Statement-1: For any $n \in N$, we have $\int\limits_0^{n \pi}\left|\frac{\sin x}{x}\right| d x \geq \frac{2}{\pi}\left(1+\frac{1}{2}+\frac{1}{3}+...+\frac{1}{n}\right)$

Statement-2: $\frac{\sin x}{x} \geq \frac{2}{\pi}$ on $\left(0, \frac{\pi}{2}\right)$.
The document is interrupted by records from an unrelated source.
(* Let $X=(X_1,\dots,X_p)^\top$ be a strictly positive random vector following a recursive max-linear structural equation model on a DAG $\mathcal G^*=(V,E^* )$, $V=\{1,\dots,p\}$: $X_j=\max\big(\max_{m\in\mathrm{pa}^*(j)}a_{mj}X_m,\ \epsilon_j\big)$ with $a_{mj}>0$ and mutually independent unit Fréchet innovations $\epsilon_1,\dots,\epsilon_p$. Fix a node $j$ with $\mathrm{pa}^*(j)\neq\emptyset$, and let $\mathrm{nb}^*(j)=\{i:(i,j)\in E^*\text{ or }(j,i)\in E^*\}$. Assume: (A) (non-vanishing error for omitted parents) for every nonempty $A\subseteq\mathrm{nb}^*(j)$ with $A\not\supseteq\mathrm{pa}^*(j)$, $\liminf_{u\to\infty}\big[R^\star_{j\mid A}(u)-R^\star_{j\mid\mathrm{pa}^*(j)}(u)\big]>0$; (B) (no gain from spurious supersets) for every $A\subseteq \mathrm{nb}^*(j)$ with $A\supsetneq\mathrm{pa}^*(j)$, $R^\star_{j\mid A}(u)\ge R^\star_{j\mid\mathrm{pa}^*(j)}(u)$ for all sufficiently large $u$. Then for every sufficiently large fixed threshold $u$, $\mathrm{pa}^*(j)$ is the unique inclusion-minimal minimizer of $A\mapsto R^\star_{j\mid A}(u)$ over nonempty $A\subseteq\mathrm{nb}^*(j)$; that is, it is a minimizer and every minimizer contains $\mathrm{pa}^*(j)$.
   Context: For each $j$, $F_j$ is the distribution function of $X_j$, $Y_j=1/(1-F_j(X_j))$ and, for a threshold $u>1$, $Z_j=\log Y_j-\log u$. For a nonempty $A\subseteq V\setminus\{j\}$, the multivariate max-linear envelope class is $\mathcal H_A=\{h_A(z_A)=\max(c_0,\max_{m\in A}(z_m+c_{m\to j})): c_0, c_{m\to j}\in\mathbb R\}$, and the population tail prediction risk is $R^\star_{j\mid A}(u)=\inf_{h_A\in\mathcal H_A}\mathbb E\big[|Z_j-h_A(Z_A)|\ \big|\ \max_{m\in A}Z_m>0\big]$. *)

theory Defs
  imports "HOL-Probability.Probability"
begin

definition parents :: "(nat \<times> nat) set \<Rightarrow> nat \<Rightarrow> nat set" where
  "parents E j = {m. (m, j) \<in> E}"

definition neighbours :: "(nat \<times> nat) set \<Rightarrow> nat \<Rightarrow> nat set" where
  "neighbours E j = {i. (i, j) \<in> E \<or> (j, i) \<in> E}"

definition unit_frechet :: "'a measure \<Rightarrow> ('a \<Rightarrow> real) \<Rightarrow> bool" where
  "unit_frechet M e \<longleftrightarrow> e \<in> borel_measurable M \<and>
     (\<forall>x. measure M {\<omega> \<in> space M. e \<omega> \<le> x} = (if x > 0 then exp (- 1 / x) else 0))"

definition max_linear_sem ::
  "'a measure \<Rightarrow> nat \<Rightarrow> (nat \<times> nat) set \<Rightarrow> (nat \<Rightarrow> nat \<Rightarrow> real) \<Rightarrow>
   (nat \<Rightarrow> 'a \<Rightarrow> real) \<Rightarrow> (nat \<Rightarrow> 'a \<Rightarrow> real) \<Rightarrow> bool" where
  "max_linear_sem M p E a eps X \<longleftrightarrow>
     prob_space M \<and>
     E \<subseteq> {1..p} \<times> {1..p} \<and> acyclic E \<and>
     (\<forall>(m, j) \<in> E. a m j > 0) \<and>
     prob_space.indep_vars M (\<lambda>_. borel) eps {1..p} \<and>
     (\<forall>i \<in> {1..p}. unit_frechet M (eps i)) \<and>
     (\<forall>i \<in> {1..p}. \<forall>\<omega> \<in> space M. X i \<omega> > 0) \<and>
     (\<forall>j \<in> {1..p}. \<forall>\<omega> \<in> space M.
        X j \<omega> = Max (insert (eps j \<omega>) ((\<lambda>m. a m j * X m \<omega>) ` parents E j)))"

definition dist_fun :: "'a measure \<Rightarrow> (nat \<Rightarrow> 'a \<Rightarrow> real) \<Rightarrow> nat \<Rightarrow> real \<Rightarrow> real" where
  "dist_fun M X j x = measure M {\<omega> \<in> space M. X j \<omega> \<le> x}"

definition Zvar :: "'a measure \<Rightarrow> (nat \<Rightarrow> 'a \<Rightarrow> real) \<Rightarrow> real \<Rightarrow> nat \<Rightarrow> 'a \<Rightarrow> real" where
  "Zvar M X u j \<omega> = ln (1 / (1 - dist_fun M X j (X j \<omega>))) - ln u"

definition envelope :: "real \<Rightarrow> (nat \<Rightarrow> real) \<Rightarrow> nat set \<Rightarrow> (nat \<Rightarrow> real) \<Rightarrow> real" where
  "envelope c0 c A z = max c0 (Max ((\<lambda>m. z m + c m) ` A))"

definition tail_event :: "'a measure \<Rightarrow> (nat \<Rightarrow> 'a \<Rightarrow> real) \<Rightarrow> real \<Rightarrow> nat set \<Rightarrow> 'a set" where
  "tail_event M X u A = {\<omega> \<in> space M. Max ((\<lambda>m. Zvar M X u m \<omega>) ` A) > 0}"

definition tail_loss ::
  "'a measure \<Rightarrow> (nat \<Rightarrow> 'a \<Rightarrow> real) \<Rightarrow> nat \<Rightarrow> nat set \<Rightarrow> real \<Rightarrow> real \<Rightarrow> (nat \<Rightarrow> real) \<Rightarrow> real" where
  "tail_loss M X j A u c0 c =
     (\<integral>\<omega>. \<bar>Zvar M X u j \<omega> - envelope c0 c A (\<lambda>m. Zvar M X u m \<omega>)\<bar>
            * indicator (tail_event M X u A) \<omega> \<partial>M)
     / measure M (tail_event M X u A)"

definition tail_risk ::
  "'a measure \<Rightarrow> (nat \<Rightarrow> 'a \<Rightarrow> real) \<Rightarrow> nat \<Rightarrow> nat set \<Rightarrow> real \<Rightarrow> real" where
  "tail_risk M X j A u = (INF cc \<in> (UNIV :: (real \<times> (nat \<Rightarrow> real)) set).
                             tail_loss M X j A u (fst cc) (snd cc))"

end

theory Submission
  imports Defs
begin

text \<open>The theorem is a consequence of assumptions (A) and (B) alone; the max-linear model only
  guarantees that the neighbourhood of \<open>j\<close> is finite. For each candidate set \<open>A\<close>,
  (A) or (B) says that \<open>pa(j)\<close> eventually does at least as well as \<open>A\<close>, and strictly better
  when \<open>A\<close> misses a parent. Finitely many candidates give a common threshold, beyond which
  \<open>pa(j)\<close> is a minimizer, and any set missing a parent is strictly beaten by it.\<close>

lemma eventually_less_if_Liminf_diff_pos:
  assumes "Liminf F (\<lambda>x. ereal (f x - g x)) > 0"
  shows "eventually (\<lambda>x. g x < f x) F"
proof -
  have "eventually (\<lambda>x. 0 < ereal (f x - g x)) F"
    using assms by (rule less_LiminfD)
  then show ?thesis by eventually_elim simp
qed

lemma eventually_risk_separation:
  fixes R :: "'b set \<Rightarrow> 'c \<Rightarrow> real"
  assumes "finite \<S>"
    and omitted: "\<And>S. S \<in> \<S> \<Longrightarrow> \<not> P \<subseteq> S \<Longrightarrow> Liminf F (\<lambda>x. ereal (R S x - R P x)) > 0"
    and superset: "\<And>S. S \<in> \<S> \<Longrightarrow> P \<subset> S \<Longrightarrow> eventually (\<lambda>x. R P x \<le> R S x) F"
  shows "eventually (\<lambda>x. \<forall>S\<in>\<S>. R P x \<le> R S x \<and> (\<not> P \<subseteq> S \<longrightarrow> R P x < R S x)) F"
  using \<open>finite \<S>\<close>
proof (rule eventually_ball_finite, intro ballI)
  fix S assume S: "S \<in> \<S>"
  consider "\<not> P \<subseteq> S" | "P = S" | "P \<subset> S" by blast
  then show "eventually (\<lambda>x. R P x \<le> R S x \<and> (\<not> P \<subseteq> S \<longrightarrow> R P x < R S x)) F"
  proof cases
    case 1
    then have "eventually (\<lambda>x. R P x < R S x) F"
      using S omitted eventually_less_if_Liminf_diff_pos by blast
    then show ?thesis by eventually_elim simp
  next
    case 2
    then show ?thesis by simp
  next
    case 3
    with superset[OF S] show ?thesis by (auto elim: eventually_mono)
  qed
qed

lemma eventually_unique_minimal_minimizer:
  fixes R :: "'b set \<Rightarrow> 'c \<Rightarrow> real"
  assumes "finite \<S>" and "P \<in> \<S>"
    and "\<And>S. S \<in> \<S> \<Longrightarrow> \<not> P \<subseteq> S \<Longrightarrow> Liminf F (\<lambda>x. ereal (R S x - R P x)) > 0"
    and "\<And>S. S \<in> \<S> \<Longrightarrow> P \<subset> S \<Longrightarrow> eventually (\<lambda>x. R P x \<le> R S x) F"
  shows "eventually (\<lambda>x. (\<forall>S\<in>\<S>. R P x \<le> R S x) \<and>
                         (\<forall>A\<in>\<S>. (\<forall>S\<in>\<S>. R A x \<le> R S x) \<longrightarrow> P \<subseteq> A)) F"
proof -
  have "eventually (\<lambda>x. \<forall>S\<in>\<S>. R P x \<le> R S x \<and> (\<not> P \<subseteq> S \<longrightarrow> R P x < R S x)) F"
    using assms(1,3,4) by (rule eventually_risk_separation)
  then show ?thesis
  proof eventually_elim
    case (elim x)
    then have "P \<subseteq> A" if "A \<in> \<S>" and "\<forall>S\<in>\<S>. R A x \<le> R S x" for A
      using that \<open>P \<in> \<S>\<close> by force
    with elim show ?case by blast
  qed
qed

lemma parents_subset_neighbours: "parents E j \<subseteq> neighbours E j"
  by (auto simp: parents_def neighbours_def)

lemma finite_neighbours:
  assumes "E \<subseteq> {1..p} \<times> {1..p}"
  shows "finite (neighbours E j)"
  by (rule finite_subset[of _ "{1..p}"]) (use assms in \<open>auto simp: neighbours_def\<close>)

theorem theorem2:
  fixes M :: "'a measure" and p :: nat and E :: "(nat \<times> nat) set"
    and a :: "nat \<Rightarrow> nat \<Rightarrow> real" and eps X :: "nat \<Rightarrow> 'a \<Rightarrow> real" and j :: nat
  assumes sem: "max_linear_sem M p E a eps X"
    and j: "j \<in> {1..p}"
    and pa_ne: "parents E j \<noteq> {}"
    and A_cond: "\<And>A. A \<noteq> {} \<Longrightarrow> A \<subseteq> neighbours E j \<Longrightarrow> \<not> parents E j \<subseteq> A \<Longrightarrow>
        Liminf at_top (\<lambda>u. ereal (tail_risk M X j A u - tail_risk M X j (parents E j) u)) > 0"
    and B_cond: "\<And>A. A \<subseteq> neighbours E j \<Longrightarrow> parents E j \<subset> A \<Longrightarrow>
        eventually (\<lambda>u. tail_risk M X j A u \<ge> tail_risk M X j (parents E j) u) at_top"
  shows "\<exists>u0 > 1. \<forall>u \<ge> u0.
     (\<forall>B. B \<noteq> {} \<and> B \<subseteq> neighbours E j \<longrightarrow>
          tail_risk M X j (parents E j) u \<le> tail_risk M X j B u) \<and>
     (\<forall>A. A \<noteq> {} \<and> A \<subseteq> neighbours E j \<and>
          (\<forall>B. B \<noteq> {} \<and> B \<subseteq> neighbours E j \<longrightarrow> tail_risk M X j A u \<le> tail_risk M X j B u)
          \<longrightarrow> parents E j \<subseteq> A)"
proof -
  define \<S> where "\<S> = {S. S \<noteq> {} \<and> S \<subseteq> neighbours E j}"
  have "finite \<S>"
    using sem finite_neighbours unfolding \<S>_def max_linear_sem_def by auto
  moreover have "parents E j \<in> \<S>"
    using pa_ne parents_subset_neighbours unfolding \<S>_def by blast
  ultimately have "eventually (\<lambda>u. (\<forall>S\<in>\<S>. tail_risk M X j (parents E j) u \<le> tail_risk M X j S u) \<and>
      (\<forall>A\<in>\<S>. (\<forall>S\<in>\<S>. tail_risk M X j A u \<le> tail_risk M X j S u) \<longrightarrow> parents E j \<subseteq> A)) at_top"
    using A_cond B_cond
    by (intro eventually_unique_minimal_minimizer) (auto simp: \<S>_def)
  then obtain u1 where u1: "\<And>u. u \<ge> u1 \<Longrightarrow>
      (\<forall>S\<in>\<S>. tail_risk M X j (parents E j) u \<le> tail_risk M X j S u) \<and>
      (\<forall>A\<in>\<S>. (\<forall>S\<in>\<S>. tail_risk M X j A u \<le> tail_risk M X j S u) \<longrightarrow> parents E j \<subseteq> A)"
    unfolding eventually_at_top_linorder by blast
  then show ?thesis
    by (intro exI[of _ "max 2 u1"]) (simp add: \<S>_def less_max_iff_disj, meson)
qed

end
Statement-1 is True, Statement-2 is True; Statement-2 is not a correct explanation for Statement-1.

We have,

$\int\limits_0^{n \pi}\left|\frac{\sin x}{x}\right| d x$

$\Rightarrow I=\sum\limits_{r=1}^n \int\limits_{(r-1) \pi}^{r \pi}\left|\frac{\sin x}{x}\right| d x$

$\Rightarrow I=\sum\limits_{r=1}^n \int\limits_0^\pi\left|\frac{\sin \{(r-1) \pi+u\}}{(r-1) \pi+u}\right| d u$, where $x=(r-1) \pi+u$

$\Rightarrow I=\sum\limits_{r=1}^n \int\limits_0^\pi \frac{\sin u}{(r-1) \pi+u} d u$

$\Rightarrow I \geq \sum\limits_{r=2}^n \int\limits_0^\pi \frac{\sin u}{(r-1) \pi+\pi} d u \left[∵ \frac{\sin u}{(r-1) \pi+u}>\frac{\sin u}{(r-1) \pi+\pi}\right]$

$\Rightarrow I \geq \sum\limits_{r=2}^n \frac{2}{r \pi} \Rightarrow I \geq \frac{2}{\pi}\left(1+\frac{1}{2}+...+\frac{1}{n}\right)$

So, statement -1 is true.

Let $f(x)=\frac{\sin x}{x}$. Then,

$f'(x)=\frac{x \cos x-\sin x}{x^2}=\frac{g(x)}{x^2} \text { where } g(x)=x \cos x-\sin x$

Now,

$g'(x)=-x \text { sin } x<0$ for all $x \in(0, \pi / 2)$

$\Rightarrow g(x)$ is decreasing on $x \in(0, \pi / 2)$

$\Rightarrow g(x)<g(0)$ for all $x \in(0, \pi / 2)$

$\Rightarrow g(x)<0$ for all $x \in(0, \pi / 2)$

∴  $f'(x)<0$ for all $x \in(0, \pi / 2)$

$\Rightarrow f(x)$ is decreasing on $(0, \pi / 2)$

$\Rightarrow f(x)>f(\pi / 2)$ for all $x \in(0, \pi / 2)$

$\Rightarrow \frac{\sin x}{x}>\frac{2}{\pi}$ for all $x \in(0, \pi / 2)$

So, statement-2 is true. But, it is not a correct explanation for statement-1.